Alejandro Espinosa on Overcoming Autism and Finding a Path into Public Service at the Colin Powell School

Alejandro Alejandro Espinosa on Overcoming Autism and Finding a Path into Public Service at the Colin Powell School

Alejandro Espinosa first visited the City College campus as a five-year-old learning to ride a bike with his uncle. Little did he know that he would later become a Climate Policy Fellow in the Colin Powell School and be featured on the Today Show reflecting about General Powell’s impact on students like him. As a child and adolescent, Espinosa faced the challenge of being on the autism spectrum. As the child of Mexican immigrants, he also needed ESL support. Unsupportive primary and middle schools nearly derailed his education, but he persisted with staunch support from his mother and family. He is now preparing to graduate from CCNY with a bachelor’s degree in political science.

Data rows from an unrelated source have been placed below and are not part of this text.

(* Let $\chi$ be a kernel as described in the context with $m_1(\chi,u)=0$ for all $u\in\mathbb{R}^+$. Let $f:\mathbb{R}^+\to\mathbb{R}$ be such that $\theta f$ and $\theta^2 f$ exist and are continuous on $\mathbb{R}^+$, and suppose there are constants $\alpha,\beta>0$ with $|f(x)|\le\alpha+\beta|\log x|$ for all $x\in\mathbb{R}^+$ (f need not be bounded). Then for every $w>0$ and $x\in\mathbb{R}^+$ the series defining $(I_w^{\chi}f)(x)$ converges absolutely, and for every $x\in\mathbb{R}^+$, $$\lim_{w\to+\infty} w\big[(I_w^{\chi}f)(x)-f(x)\big]=\frac{(\theta f)(x)}{2}.$$
   Context: A kernel is a continuous function $\chi:\mathbb{R}^+\to\mathbb{R}$ satisfying: (i) $\sum_{k=-\infty}^{+\infty}\chi(e^{-k}u)=1$ for every $u\in\mathbb{R}^+$; (ii) $M_2(\chi)<+\infty$ and $\lim_{\gamma\to+\infty}\sum_{|k-\log u|>\gamma}|\chi(e^{-k}u)|\,|k-\log u|^2=0$ uniformly with respect to $u\in\mathbb{R}^+$. Algebraic moments: $m_\nu(\chi,u)=\sum_{k\in\mathbb{Z}}\chi(e^{-k}u)(k-\log u)^\nu$; absolute moments: $M_\nu(\chi,u)=\sum_{k\in\mathbb{Z}}|\chi(e^{-k}u)|\,|k-\log u|^\nu$, $M_\nu(\chi)=\sup_{u>0}M_\nu(\chi,u)$. For $w>0$, $x\in\mathbb{R}^+$: $(I_w^{\chi}f)(x)=\sum_{k\in\mathbb{Z}}\chi(e^{-k}x^w)\,w\int_{k/w}^{(k+1)/w}f(e^u)\,du$. Mellin differential operator: $(\theta f)(x)=xf'(x)$, $\theta^2=\theta(\theta)$. *)

theory Defs
  imports "HOL-Analysis.Analysis"
begin

definition alg_moment :: "nat \<Rightarrow> (real \<Rightarrow> real) \<Rightarrow> real \<Rightarrow> real" where
  "alg_moment \<nu> chi u = (\<Sum>\<^sub>\<infinity>k::int. chi (exp (- real_of_int k) * u) * (real_of_int k - ln u) ^ \<nu>)"

definition abs_moment :: "nat \<Rightarrow> (real \<Rightarrow> real) \<Rightarrow> real \<Rightarrow> real" where
  "abs_moment \<nu> chi u = (\<Sum>\<^sub>\<infinity>k::int. \<bar>chi (exp (- real_of_int k) * u)\<bar> * \<bar>real_of_int k - ln u\<bar> ^ \<nu>)"

definition kernel :: "(real \<Rightarrow> real) \<Rightarrow> bool" where
  "kernel chi \<longleftrightarrow>
     continuous_on {0<..} chi \<and>
     (\<forall>u>0. ((\<lambda>k::int. chi (exp (- real_of_int k) * u)) has_sum 1) UNIV) \<and>
     (\<forall>u>0. (\<lambda>k::int. \<bar>chi (exp (- real_of_int k) * u)\<bar> * \<bar>real_of_int k - ln u\<bar> ^ 2) summable_on UNIV) \<and>
     bdd_above {abs_moment 2 chi u | u. u > 0} \<and>
     (\<forall>\<epsilon>>0. \<exists>\<gamma>0. \<forall>\<gamma>>\<gamma>0. \<forall>u>0.
        (\<Sum>\<^sub>\<infinity>k\<in>{k::int. \<bar>real_of_int k - ln u\<bar> > \<gamma>}.
            \<bar>chi (exp (- real_of_int k) * u)\<bar> * \<bar>real_of_int k - ln u\<bar> ^ 2) < \<epsilon>)"

definition kantorovich_term :: "(real \<Rightarrow> real) \<Rightarrow> real \<Rightarrow> (real \<Rightarrow> real) \<Rightarrow> real \<Rightarrow> int \<Rightarrow> real" where
  "kantorovich_term chi w f x k =
     chi (exp (- real_of_int k) * x powr w) * (w * integral {real_of_int k / w .. (real_of_int k + 1) / w} (\<lambda>u. f (exp u)))"

definition kantorovich_op :: "(real \<Rightarrow> real) \<Rightarrow> real \<Rightarrow> (real \<Rightarrow> real) \<Rightarrow> real \<Rightarrow> real" where
  "kantorovich_op chi w f x = (\<Sum>\<^sub>\<infinity>k::int. kantorovich_term chi w f x k)"

definition theta :: "(real \<Rightarrow> real) \<Rightarrow> real \<Rightarrow> real" where
  "theta f x = x * deriv f x"

end

(* In logarithmic coordinates g = f o exp has g' = (theta f) o exp and g'' = (theta^2 f) o exp,
   and I_w averages g over the cells [k/w, (k+1)/w].  Since g'' is locally bounded and g grows
   at most linearly, g y = g L + g' L (y - L) + O((y - L)^2) globally, where L = log x.  The
   linear part averages exactly to g L + g' L (k - w L + 1/2) / w.  Summed against the kernel,
   the partition of unity returns f x, the vanishing first moment removes the terms in k - w L,
   and the 1/2 leaves (theta f) x / (2 w); the remainder is O(1/w^2) because the second absolute
   moments of the kernel are uniformly bounded. *)

theory Submission
  imports Defs
begin

lemma summable_on_dominated:
  fixes f g :: "'a \<Rightarrow> real"
  assumes g: "g summable_on A" and le: "\<And>k. k \<in> A \<Longrightarrow> \<bar>f k\<bar> \<le> g k"
  shows "f summable_on A" "\<bar>infsum f A\<bar> \<le> infsum g A"
proof -
  have n: "(\<lambda>k. norm (f k)) summable_on A"
    by (rule summable_on_comparison_test[OF g]) (use le in auto)
  then show "f summable_on A"
    using summable_on_iff_abs_summable_on_real by blast
  have "\<bar>infsum f A\<bar> \<le> infsum (\<lambda>k. norm (f k)) A"
    using norm_infsum_bound[OF n] by simp
  also have "\<dots> \<le> infsum g A"
    by (rule infsum_mono[OF n g]) (use le in auto)
  finally show "\<bar>infsum f A\<bar> \<le> infsum g A" .
qed

lemma abs_le_one_plus_square: "\<bar>d\<bar> \<le> 1 + (d::real)^2"
proof -
  have "0 \<le> (\<bar>d\<bar> - 1)^2" by simp
  then show ?thesis by (simp add: power2_diff)
qed

lemma abs_plus_one_square_le: "(\<bar>d\<bar> + 1)^2 \<le> 2 * (1 + (d::real)^2)"
proof -
  have "0 \<le> (\<bar>d\<bar> - 1)^2" by simp
  then show ?thesis by (simp add: power2_diff power2_sum)
qed

lemma int_near_real_cases:
  assumes "\<bar>real_of_int k - s\<bar> < 1"
  shows "k \<in> {\<lfloor>s\<rfloor>, \<lfloor>s\<rfloor> + 1}"
proof -
  have "k - 1 \<le> \<lfloor>s\<rfloor>" "\<lfloor>s\<rfloor> < k + 1"
    using assms unfolding le_floor_iff floor_less_iff by linarith+
  then show ?thesis by auto
qed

Please tell me a little about your background. What brought you to City College?
I come from a family of Mexican immigrants, and I grew up in New York City. I have known about CCNY’s presence since I was five years old. My uncle used to live next to the firehouse on West 139th Street and he and I would often visit City College to learn how to ride bikes. I would often visit him and notice a nice campus right across from Amsterdam Ave and thought that it would be a dream to attend here. I learned afterward about what it meant to work to reach the milestones that were to come. My mom thought at first that City College was a mansion where rich people live, given its unique architecture. In Mexico, she is always used to walls dividing rich and poor residents in the same neighborhood. 
You mentioned that you have learned what it means to struggle to achieve milestones. Tell me more about that. 
I have faced and overcome several hurdles in my life, starting very early on. My main hurdle was different than the major hurdles that people often face based on immigration status and racial barriers. It involved suffering from autism in the first years of my life, where time and time again until middle school, the leader of the school would come up to my mother and ask her to take me to an institution where it was just for people with mental problems, because the school couldn’t handle it. My mom, with an immigrant background, didn't know how the system worked but thought for a bit until someone went to her and said, "Your son is extremely intelligent and will do great things. Be with him to ensure that he will develop just fine." This statement saved my life. Who knows what would have happened to me thereafter. 
Another hurdle was when the middle school assistant principal told my mother I needed to go to another Middle School because I needed ESL services. As my mom successfully lobbied to keep me in my middle school, I transferred classes twice in the 6th grade. The effects of this devastating circumstance hindered my ability to make friends, keep up the academic excellence and enjoy the normal middle school experience. 
Not until I was accepted into high school did circumstances hit a positive turn. With academic excellence reaching normal levels, I was thrilled that I could finally turn a blind eye to things. Even so, I endured a huge disparity of social skills between me and my generation, as the two monstrous circumstances caused this to happen. 
The other big obstacle was our income inequality that has gotten worse since the early 1980s. 
What brought you to City College, and how did you choose your major? 
With the academic credentials, I wanted to come here, along with other colleges throughout the state. As the decisions came, my decision narrowed between City and Queens College and chose City College by a narrow margin. I came to City College thinking I was going to major in Math and minor in Secondary Education. My journey from there has changed in ways I could've never imagined. I declared a history major and education minor, then dropped that and settled on political science.  
How have CCNY and the Colin Powell School helped you on your career path? 
I was very proud when I was accepted into the Climate Policy Fellowship at the Colin Powell School. This fellowship has allowed me to grow the number of connections and outreach I'm able to do. I question myself, is this the end of the social skills inequality I have with my generation? This remains to be seen but future projections say yes! 
And as we all heard about the devastating news about the death of a great leader and statesman who became the first African American secretary of state, it broke my heart profoundly because I never shook hands with him. I thought that I wanted to fulfill much of his legacy in the policy world that I'm about to enter. It was an honor to be selected to be on the Today Show to talk about General Powell’s legacy. I did not expect this coming, as I knew I wanted to represent the Colin Powell School to the public well. And as the interview was released to the public, I received high praise from most people that I knew.
At CCNY I have been able to choose the academic path and the career path that I want to complete, and none stood in my way. I've been extraordinarily happy to be in an educational institution that takes public service extremely seriously and enjoyable. 
What are your reflections now that you’re finishing your time as an undergraduate at CCNY?
City College was more than a great choice; it is my second home. I still look at my admissions acceptance letter every once in a while, and I will never forget the day I was accepted. It has been over 39 months that I’ve been present here at City College. As my undergrad journey begins to reach the beginning of the end, my dream of attending City College since the age of five has been complete. Looking back, I see that this journey has been incredible to the fullest. With academic life both during in person and virtual, and now hybrid, my happy ever after is present with me, here in the finest and greatest institution. My life here was at its finest, just as in high school, even during the pandemic. As I move forward on my path, I hope to represent City College to the best of my ability.